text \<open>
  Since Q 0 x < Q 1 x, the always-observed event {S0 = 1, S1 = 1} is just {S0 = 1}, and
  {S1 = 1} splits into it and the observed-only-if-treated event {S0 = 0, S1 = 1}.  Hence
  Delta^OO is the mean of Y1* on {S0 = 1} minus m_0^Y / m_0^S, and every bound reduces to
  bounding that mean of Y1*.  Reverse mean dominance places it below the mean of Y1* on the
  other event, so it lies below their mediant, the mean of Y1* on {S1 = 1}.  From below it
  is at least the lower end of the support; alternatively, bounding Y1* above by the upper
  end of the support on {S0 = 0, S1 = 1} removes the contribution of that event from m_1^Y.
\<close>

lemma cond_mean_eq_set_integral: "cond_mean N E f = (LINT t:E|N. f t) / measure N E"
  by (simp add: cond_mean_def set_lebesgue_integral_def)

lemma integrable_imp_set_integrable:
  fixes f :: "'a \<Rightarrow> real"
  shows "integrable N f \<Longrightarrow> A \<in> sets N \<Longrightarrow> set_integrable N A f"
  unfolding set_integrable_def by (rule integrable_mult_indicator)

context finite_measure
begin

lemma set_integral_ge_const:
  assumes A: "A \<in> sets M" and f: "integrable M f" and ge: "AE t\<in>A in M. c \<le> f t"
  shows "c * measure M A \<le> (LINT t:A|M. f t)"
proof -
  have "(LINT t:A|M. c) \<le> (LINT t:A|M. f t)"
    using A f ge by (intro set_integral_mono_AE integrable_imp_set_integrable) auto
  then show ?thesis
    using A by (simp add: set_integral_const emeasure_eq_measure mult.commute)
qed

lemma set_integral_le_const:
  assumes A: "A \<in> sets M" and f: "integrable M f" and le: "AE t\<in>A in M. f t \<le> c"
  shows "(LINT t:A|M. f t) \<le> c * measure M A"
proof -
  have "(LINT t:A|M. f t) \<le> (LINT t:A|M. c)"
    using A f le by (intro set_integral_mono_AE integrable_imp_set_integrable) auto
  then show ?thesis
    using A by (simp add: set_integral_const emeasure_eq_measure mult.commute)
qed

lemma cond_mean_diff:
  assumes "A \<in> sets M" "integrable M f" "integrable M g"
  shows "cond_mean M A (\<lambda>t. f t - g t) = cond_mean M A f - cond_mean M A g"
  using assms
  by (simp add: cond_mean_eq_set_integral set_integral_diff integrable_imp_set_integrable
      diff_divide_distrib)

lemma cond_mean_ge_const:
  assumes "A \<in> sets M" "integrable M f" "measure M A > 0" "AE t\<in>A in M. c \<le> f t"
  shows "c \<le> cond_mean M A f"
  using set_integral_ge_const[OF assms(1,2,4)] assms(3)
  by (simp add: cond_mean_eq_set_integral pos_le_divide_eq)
********
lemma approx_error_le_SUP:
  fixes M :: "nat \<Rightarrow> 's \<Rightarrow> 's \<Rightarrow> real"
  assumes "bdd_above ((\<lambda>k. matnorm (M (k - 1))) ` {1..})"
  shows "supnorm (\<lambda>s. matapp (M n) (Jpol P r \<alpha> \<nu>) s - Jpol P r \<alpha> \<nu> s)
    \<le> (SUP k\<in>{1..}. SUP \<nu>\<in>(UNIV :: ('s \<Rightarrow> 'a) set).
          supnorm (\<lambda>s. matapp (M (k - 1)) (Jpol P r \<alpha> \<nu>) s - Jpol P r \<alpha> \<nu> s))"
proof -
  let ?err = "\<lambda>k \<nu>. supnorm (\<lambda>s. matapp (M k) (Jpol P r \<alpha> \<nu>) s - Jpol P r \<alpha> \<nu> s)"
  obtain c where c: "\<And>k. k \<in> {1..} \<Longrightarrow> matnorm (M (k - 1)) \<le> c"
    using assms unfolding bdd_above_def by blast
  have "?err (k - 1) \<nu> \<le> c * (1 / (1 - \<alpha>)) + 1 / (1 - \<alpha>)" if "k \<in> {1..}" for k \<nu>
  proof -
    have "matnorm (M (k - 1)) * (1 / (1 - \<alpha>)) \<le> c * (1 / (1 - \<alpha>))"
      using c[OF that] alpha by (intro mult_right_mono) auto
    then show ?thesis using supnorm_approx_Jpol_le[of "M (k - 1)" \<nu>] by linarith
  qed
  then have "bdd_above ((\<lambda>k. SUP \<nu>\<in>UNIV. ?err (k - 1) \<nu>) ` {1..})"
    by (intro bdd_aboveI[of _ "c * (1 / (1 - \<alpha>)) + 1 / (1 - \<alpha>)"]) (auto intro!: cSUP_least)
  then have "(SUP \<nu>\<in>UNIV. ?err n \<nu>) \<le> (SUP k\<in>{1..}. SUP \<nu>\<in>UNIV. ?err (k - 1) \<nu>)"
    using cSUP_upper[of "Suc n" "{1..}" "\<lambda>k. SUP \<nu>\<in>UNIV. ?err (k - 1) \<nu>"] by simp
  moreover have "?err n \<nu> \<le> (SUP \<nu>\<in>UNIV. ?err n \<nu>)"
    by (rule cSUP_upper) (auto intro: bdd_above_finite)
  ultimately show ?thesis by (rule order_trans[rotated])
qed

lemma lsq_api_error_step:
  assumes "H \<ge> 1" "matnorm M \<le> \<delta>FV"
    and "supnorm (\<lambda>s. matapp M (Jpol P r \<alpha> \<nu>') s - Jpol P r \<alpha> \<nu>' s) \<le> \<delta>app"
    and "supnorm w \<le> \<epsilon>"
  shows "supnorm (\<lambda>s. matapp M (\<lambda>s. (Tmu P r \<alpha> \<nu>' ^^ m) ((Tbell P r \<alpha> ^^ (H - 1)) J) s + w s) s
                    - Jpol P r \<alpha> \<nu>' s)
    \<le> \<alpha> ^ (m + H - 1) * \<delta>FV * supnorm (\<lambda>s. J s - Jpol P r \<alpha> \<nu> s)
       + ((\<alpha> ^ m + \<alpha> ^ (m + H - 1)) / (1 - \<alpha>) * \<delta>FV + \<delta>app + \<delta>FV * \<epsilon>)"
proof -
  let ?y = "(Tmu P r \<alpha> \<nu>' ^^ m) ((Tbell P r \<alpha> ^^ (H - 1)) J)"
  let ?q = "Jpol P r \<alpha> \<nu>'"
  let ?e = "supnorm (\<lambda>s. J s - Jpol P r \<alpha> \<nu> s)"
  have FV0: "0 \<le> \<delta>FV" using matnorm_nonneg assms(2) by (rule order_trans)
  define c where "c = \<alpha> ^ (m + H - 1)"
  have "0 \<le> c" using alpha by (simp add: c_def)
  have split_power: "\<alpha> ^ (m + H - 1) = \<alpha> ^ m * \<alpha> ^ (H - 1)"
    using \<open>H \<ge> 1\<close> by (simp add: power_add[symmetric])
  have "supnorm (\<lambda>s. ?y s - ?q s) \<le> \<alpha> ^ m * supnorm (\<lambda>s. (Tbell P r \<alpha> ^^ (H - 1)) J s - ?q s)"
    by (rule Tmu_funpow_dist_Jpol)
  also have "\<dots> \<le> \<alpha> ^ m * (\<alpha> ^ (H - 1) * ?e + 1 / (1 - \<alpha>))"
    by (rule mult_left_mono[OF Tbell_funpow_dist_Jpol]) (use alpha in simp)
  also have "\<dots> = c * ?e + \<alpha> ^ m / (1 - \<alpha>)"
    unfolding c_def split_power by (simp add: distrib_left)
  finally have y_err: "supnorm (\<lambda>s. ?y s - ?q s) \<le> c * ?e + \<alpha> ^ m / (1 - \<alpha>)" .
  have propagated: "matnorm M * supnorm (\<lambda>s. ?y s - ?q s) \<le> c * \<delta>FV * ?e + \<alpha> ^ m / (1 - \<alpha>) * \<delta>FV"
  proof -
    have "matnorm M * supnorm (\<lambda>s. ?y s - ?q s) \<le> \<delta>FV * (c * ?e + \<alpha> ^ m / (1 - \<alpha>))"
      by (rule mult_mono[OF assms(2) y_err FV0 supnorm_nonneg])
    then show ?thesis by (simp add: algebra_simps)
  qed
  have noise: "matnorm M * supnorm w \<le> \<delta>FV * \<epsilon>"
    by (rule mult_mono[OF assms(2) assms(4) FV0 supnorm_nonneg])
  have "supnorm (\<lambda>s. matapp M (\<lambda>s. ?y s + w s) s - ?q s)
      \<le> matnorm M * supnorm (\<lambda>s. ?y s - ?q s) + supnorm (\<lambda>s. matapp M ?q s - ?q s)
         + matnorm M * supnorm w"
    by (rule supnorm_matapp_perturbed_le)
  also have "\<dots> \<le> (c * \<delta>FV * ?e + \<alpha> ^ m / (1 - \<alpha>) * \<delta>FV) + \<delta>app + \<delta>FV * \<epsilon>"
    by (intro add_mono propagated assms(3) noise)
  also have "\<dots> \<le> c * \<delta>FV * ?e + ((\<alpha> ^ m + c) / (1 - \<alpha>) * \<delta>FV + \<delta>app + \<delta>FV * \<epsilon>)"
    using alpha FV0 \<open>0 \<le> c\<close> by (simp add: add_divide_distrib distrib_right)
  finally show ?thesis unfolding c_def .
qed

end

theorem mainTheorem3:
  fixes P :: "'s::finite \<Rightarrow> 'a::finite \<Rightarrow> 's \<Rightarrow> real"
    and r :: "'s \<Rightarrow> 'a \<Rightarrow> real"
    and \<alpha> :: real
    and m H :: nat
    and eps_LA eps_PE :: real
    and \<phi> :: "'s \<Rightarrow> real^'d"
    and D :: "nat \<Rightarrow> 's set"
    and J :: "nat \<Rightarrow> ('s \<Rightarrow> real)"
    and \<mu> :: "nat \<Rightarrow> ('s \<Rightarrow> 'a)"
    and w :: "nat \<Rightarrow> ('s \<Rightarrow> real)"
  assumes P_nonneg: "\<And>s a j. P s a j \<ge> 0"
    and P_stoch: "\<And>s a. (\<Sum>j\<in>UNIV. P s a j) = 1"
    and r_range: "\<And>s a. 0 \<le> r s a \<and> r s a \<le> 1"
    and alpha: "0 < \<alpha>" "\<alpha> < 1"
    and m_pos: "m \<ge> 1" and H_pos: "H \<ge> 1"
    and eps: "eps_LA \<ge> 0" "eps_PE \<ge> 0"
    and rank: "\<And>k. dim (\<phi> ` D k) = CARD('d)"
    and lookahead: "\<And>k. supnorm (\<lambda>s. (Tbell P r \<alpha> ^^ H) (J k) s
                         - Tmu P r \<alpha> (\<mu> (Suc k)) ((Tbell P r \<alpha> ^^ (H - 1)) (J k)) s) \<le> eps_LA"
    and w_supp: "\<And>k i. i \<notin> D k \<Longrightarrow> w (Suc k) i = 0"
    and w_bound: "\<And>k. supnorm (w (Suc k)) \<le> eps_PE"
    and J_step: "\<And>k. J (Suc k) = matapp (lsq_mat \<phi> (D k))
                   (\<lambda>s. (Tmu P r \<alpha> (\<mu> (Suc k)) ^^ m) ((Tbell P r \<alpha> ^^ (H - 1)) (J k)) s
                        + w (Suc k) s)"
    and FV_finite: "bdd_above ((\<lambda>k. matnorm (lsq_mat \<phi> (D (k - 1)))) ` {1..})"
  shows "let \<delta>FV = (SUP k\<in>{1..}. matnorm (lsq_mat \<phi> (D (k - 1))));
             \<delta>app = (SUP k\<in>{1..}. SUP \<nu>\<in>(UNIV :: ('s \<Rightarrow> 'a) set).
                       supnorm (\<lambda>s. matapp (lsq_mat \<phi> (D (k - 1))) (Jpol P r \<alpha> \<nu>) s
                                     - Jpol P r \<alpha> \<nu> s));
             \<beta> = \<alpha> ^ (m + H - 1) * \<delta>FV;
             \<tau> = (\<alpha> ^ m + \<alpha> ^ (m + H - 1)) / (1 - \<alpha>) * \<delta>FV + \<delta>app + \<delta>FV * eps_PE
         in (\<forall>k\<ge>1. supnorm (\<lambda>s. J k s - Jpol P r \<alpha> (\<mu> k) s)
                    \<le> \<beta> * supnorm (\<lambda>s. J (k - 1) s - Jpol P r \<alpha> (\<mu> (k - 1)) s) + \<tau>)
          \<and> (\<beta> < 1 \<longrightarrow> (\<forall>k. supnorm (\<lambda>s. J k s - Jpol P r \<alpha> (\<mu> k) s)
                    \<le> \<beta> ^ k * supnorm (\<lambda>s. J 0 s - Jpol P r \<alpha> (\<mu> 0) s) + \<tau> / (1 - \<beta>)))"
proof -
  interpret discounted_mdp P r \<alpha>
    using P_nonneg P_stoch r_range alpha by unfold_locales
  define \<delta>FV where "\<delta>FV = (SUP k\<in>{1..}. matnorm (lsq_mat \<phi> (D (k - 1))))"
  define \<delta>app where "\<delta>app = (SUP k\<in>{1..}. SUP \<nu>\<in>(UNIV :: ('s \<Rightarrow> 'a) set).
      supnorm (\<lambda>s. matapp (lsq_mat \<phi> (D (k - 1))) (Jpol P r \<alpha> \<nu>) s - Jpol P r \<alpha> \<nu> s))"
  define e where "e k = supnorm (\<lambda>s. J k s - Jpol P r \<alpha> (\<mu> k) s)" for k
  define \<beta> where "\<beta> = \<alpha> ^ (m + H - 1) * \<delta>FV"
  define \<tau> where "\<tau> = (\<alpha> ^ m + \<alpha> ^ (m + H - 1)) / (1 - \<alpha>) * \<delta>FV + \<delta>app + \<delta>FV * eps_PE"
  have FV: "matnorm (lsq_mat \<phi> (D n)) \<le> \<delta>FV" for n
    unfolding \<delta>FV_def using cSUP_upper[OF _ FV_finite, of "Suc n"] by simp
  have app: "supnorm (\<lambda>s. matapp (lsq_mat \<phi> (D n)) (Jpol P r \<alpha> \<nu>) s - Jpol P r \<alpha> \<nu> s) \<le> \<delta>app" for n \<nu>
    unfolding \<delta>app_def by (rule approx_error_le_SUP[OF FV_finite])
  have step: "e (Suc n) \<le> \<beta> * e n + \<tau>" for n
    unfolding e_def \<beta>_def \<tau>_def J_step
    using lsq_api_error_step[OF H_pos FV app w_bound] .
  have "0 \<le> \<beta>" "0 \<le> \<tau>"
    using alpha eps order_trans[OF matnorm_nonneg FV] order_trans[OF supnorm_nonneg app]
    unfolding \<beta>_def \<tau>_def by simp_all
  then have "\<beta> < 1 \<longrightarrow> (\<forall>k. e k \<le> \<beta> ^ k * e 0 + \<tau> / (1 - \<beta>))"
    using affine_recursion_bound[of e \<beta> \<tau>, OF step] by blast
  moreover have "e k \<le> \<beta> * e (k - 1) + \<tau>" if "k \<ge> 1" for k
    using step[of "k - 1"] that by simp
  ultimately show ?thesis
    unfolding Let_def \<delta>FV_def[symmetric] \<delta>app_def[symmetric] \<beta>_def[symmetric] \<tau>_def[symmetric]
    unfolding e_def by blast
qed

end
********
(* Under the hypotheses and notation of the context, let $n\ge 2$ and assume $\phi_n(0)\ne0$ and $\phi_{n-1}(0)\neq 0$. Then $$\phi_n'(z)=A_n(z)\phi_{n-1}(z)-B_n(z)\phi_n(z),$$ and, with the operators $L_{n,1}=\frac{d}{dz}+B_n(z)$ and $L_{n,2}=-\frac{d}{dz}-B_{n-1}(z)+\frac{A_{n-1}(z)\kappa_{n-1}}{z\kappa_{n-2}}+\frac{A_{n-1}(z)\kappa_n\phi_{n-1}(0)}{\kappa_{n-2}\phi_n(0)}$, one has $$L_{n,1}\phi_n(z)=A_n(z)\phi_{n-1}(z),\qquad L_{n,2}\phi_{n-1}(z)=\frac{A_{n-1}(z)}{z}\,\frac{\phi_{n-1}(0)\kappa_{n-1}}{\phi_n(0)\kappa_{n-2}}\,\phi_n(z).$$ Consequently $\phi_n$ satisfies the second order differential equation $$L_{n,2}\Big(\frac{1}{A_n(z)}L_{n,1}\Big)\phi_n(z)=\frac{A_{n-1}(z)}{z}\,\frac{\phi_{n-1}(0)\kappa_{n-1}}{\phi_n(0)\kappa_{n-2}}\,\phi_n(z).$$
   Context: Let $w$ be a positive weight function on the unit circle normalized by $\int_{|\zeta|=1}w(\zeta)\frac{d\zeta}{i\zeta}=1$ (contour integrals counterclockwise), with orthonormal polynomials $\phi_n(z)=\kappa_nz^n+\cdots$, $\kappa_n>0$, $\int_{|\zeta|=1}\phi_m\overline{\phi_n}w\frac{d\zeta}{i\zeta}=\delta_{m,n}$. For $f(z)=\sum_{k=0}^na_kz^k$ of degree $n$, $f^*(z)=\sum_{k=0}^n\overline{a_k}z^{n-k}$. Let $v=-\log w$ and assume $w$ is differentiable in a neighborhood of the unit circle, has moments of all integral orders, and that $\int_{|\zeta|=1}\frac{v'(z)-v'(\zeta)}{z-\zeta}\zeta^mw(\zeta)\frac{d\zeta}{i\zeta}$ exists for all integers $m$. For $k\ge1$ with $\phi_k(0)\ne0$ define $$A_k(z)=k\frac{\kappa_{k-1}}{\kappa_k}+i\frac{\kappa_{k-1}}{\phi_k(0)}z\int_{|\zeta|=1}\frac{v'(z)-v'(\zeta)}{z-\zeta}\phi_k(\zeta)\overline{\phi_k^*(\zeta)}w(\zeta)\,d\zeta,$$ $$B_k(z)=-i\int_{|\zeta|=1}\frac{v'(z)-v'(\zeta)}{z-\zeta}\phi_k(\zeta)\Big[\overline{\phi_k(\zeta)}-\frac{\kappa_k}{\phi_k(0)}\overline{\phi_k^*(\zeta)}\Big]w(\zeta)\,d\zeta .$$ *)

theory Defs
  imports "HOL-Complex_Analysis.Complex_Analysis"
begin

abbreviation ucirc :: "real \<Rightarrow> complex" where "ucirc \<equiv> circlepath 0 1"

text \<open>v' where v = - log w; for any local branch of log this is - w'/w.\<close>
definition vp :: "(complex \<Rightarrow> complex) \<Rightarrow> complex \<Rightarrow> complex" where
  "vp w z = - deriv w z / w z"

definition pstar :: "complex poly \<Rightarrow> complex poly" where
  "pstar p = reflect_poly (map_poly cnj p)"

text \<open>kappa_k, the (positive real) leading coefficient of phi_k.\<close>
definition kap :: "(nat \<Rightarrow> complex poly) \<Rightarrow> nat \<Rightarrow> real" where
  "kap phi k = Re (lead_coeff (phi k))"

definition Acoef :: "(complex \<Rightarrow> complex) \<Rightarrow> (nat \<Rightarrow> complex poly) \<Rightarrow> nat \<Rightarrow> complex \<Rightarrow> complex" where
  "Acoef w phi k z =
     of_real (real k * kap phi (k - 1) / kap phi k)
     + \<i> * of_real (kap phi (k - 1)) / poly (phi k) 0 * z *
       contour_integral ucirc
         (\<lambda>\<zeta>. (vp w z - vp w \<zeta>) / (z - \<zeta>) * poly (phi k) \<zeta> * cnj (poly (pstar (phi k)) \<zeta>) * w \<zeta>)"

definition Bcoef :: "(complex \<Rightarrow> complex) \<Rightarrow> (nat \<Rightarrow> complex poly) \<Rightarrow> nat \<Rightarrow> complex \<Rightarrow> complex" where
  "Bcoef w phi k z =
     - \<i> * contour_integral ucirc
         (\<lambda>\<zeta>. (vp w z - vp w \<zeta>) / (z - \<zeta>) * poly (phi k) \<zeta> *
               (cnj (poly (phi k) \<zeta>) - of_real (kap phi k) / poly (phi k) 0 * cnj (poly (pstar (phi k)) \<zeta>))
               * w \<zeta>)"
********
■ WHAT TO WORK ON: Only the lines above starting with the one with "a. (\<Sum>j\<in>UNIV. P" and going through the one with "k * supnorm" are to be copied, word for word and with both ends kept.

■ ANSWER TO THE PROBLEM:
    and P_stoch: "\<And>s a. (\<Sum>j\<in>UNIV. P s a j) = 1"
    and r_range: "\<And>s a. 0 \<le> r s a \<and> r s a \<le> 1"
    and alpha: "0 < \<alpha>" "\<alpha> < 1"
    and m_pos: "m \<ge> 1" and H_pos: "H \<ge> 1"
    and eps: "eps_LA \<ge> 0" "eps_PE \<ge> 0"
    and rank: "\<And>k. dim (\<phi> ` D k) = CARD('d)"
    and lookahead: "\<And>k. supnorm (\<lambda>s. (Tbell P r \<alpha> ^^ H) (J k) s
                         - Tmu P r \<alpha> (\<mu> (Suc k)) ((Tbell P r \<alpha> ^^ (H - 1)) (J k)) s) \<le> eps_LA"
    and w_supp: "\<And>k i. i \<notin> D k \<Longrightarrow> w (Suc k) i = 0"
    and w_bound: "\<And>k. supnorm (w (Suc k)) \<le> eps_PE"
    and J_step: "\<And>k. J (Suc k) = matapp (lsq_mat \<phi> (D k))
                   (\<lambda>s. (Tmu P r \<alpha> (\<mu> (Suc k)) ^^ m) ((Tbell P r \<alpha> ^^ (H - 1)) (J k)) s
                        + w (Suc k) s)"
    and FV_finite: "bdd_above ((\<lambda>k. matnorm (lsq_mat \<phi> (D (k - 1)))) ` {1..})"
  shows "let \<delta>FV = (SUP k\<in>{1..}. matnorm (lsq_mat \<phi> (D (k - 1))));
             \<delta>app = (SUP k\<in>{1..}. SUP \<nu>\<in>(UNIV :: ('s \<Rightarrow> 'a) set).
                       supnorm (\<lambda>s. matapp (lsq_mat \<phi> (D (k - 1))) (Jpol P r \<alpha> \<nu>) s
                                     - Jpol P r \<alpha> \<nu> s));
             \<beta> = \<alpha> ^ (m + H - 1) * \<delta>FV;
             \<tau> = (\<alpha> ^ m + \<alpha> ^ (m + H - 1)) / (1 - \<alpha>) * \<delta>FV + \<delta>app + \<delta>FV * eps_PE
         in (\<forall>k\<ge>1. supnorm (\<lambda>s. J k s - Jpol P r \<alpha> (\<mu> k) s)
                    \<le> \<beta> * supnorm (\<lambda>s. J (k - 1) s - Jpol P r \<alpha> (\<mu> (k - 1)) s) + \<tau>)
          \<and> (\<beta> < 1 \<longrightarrow> (\<forall>k. supnorm (\<lambda>s. J k s - Jpol P r \<alpha> (\<mu> k) s)
                    \<le> \<beta> ^ k * supnorm (\<lambda>s. J 0 s - Jpol P r \<alpha> (\<mu> 0) s) + \<tau> / (1 - \<beta>)))"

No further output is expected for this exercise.